_What to produce:_
For this exercise, return exactly the lines of the material below that begin at the one with "carrier (H Mod" and stop after the one with "#>\<^bsub>H\<^esub> h g".

_Records for the task:_
◆ ◆ ◆ ◆ ◆

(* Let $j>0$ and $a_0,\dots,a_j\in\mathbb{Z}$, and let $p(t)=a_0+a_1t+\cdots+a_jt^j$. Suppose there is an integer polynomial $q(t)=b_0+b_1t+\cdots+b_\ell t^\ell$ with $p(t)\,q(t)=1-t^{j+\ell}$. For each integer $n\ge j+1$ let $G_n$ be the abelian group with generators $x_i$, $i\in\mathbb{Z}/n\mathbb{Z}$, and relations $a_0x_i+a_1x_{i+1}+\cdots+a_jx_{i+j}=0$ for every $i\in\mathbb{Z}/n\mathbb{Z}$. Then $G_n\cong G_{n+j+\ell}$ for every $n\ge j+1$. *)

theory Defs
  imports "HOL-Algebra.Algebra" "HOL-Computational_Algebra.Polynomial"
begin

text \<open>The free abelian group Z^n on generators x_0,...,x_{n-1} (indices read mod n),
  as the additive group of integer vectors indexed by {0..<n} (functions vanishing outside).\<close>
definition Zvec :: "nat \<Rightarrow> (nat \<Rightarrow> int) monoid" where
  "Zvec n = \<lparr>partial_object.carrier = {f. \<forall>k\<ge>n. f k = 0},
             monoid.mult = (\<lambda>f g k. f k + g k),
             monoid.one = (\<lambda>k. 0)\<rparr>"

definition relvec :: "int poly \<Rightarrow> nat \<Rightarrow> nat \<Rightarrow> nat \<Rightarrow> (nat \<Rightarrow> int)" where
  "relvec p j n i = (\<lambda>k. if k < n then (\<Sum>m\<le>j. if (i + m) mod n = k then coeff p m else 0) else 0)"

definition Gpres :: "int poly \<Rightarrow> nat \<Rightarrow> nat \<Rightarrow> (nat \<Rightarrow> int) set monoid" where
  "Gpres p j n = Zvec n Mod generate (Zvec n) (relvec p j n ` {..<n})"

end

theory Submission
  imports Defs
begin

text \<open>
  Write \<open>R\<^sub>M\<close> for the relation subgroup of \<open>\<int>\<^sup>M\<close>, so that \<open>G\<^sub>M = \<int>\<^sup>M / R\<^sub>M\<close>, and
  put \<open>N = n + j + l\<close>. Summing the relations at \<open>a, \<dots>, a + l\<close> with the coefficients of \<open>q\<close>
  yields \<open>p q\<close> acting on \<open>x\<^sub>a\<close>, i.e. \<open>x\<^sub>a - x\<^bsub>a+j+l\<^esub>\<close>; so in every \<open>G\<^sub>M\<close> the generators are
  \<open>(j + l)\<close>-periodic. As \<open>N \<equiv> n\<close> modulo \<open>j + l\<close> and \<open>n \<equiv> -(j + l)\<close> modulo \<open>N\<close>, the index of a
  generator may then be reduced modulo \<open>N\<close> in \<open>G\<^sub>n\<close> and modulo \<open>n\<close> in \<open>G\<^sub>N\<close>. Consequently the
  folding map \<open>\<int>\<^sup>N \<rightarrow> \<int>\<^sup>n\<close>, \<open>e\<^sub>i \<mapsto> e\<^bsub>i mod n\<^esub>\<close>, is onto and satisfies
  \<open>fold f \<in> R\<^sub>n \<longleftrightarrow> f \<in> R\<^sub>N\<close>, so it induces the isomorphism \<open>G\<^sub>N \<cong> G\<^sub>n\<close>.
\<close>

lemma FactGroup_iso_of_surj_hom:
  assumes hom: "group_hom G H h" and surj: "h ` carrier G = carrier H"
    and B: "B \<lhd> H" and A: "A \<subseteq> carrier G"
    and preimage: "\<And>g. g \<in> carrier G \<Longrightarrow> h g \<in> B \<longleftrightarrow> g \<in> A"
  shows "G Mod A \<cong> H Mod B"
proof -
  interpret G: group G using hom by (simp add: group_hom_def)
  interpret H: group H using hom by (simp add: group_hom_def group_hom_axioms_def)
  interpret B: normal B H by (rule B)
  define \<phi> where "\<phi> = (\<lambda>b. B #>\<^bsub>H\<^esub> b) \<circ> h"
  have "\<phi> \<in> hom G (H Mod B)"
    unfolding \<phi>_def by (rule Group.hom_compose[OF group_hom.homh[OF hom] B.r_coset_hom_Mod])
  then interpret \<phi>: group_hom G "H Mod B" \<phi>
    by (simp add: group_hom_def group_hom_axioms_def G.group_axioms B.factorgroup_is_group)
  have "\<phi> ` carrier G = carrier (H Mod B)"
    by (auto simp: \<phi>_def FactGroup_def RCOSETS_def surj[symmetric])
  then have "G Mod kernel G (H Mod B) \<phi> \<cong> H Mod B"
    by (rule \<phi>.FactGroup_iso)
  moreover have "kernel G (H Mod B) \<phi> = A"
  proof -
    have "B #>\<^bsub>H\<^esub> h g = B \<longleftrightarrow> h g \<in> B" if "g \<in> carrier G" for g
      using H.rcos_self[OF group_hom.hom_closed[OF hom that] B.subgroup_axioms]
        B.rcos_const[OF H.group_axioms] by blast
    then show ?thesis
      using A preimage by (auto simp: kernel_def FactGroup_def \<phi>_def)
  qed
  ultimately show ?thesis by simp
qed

◆ ◆ ◆ ◆ ◆

_Task answer:_
  have "\<phi> ` carrier G = carrier (H Mod B)"
    by (auto simp: \<phi>_def FactGroup_def RCOSETS_def surj[symmetric])
  then have "G Mod kernel G (H Mod B) \<phi> \<cong> H Mod B"
    by (rule \<phi>.FactGroup_iso)
  moreover have "kernel G (H Mod B) \<phi> = A"
  proof -
    have "B #>\<^bsub>H\<^esub> h g = B \<longleftrightarrow> h g \<in> B" if "g \<in> carrier G" for g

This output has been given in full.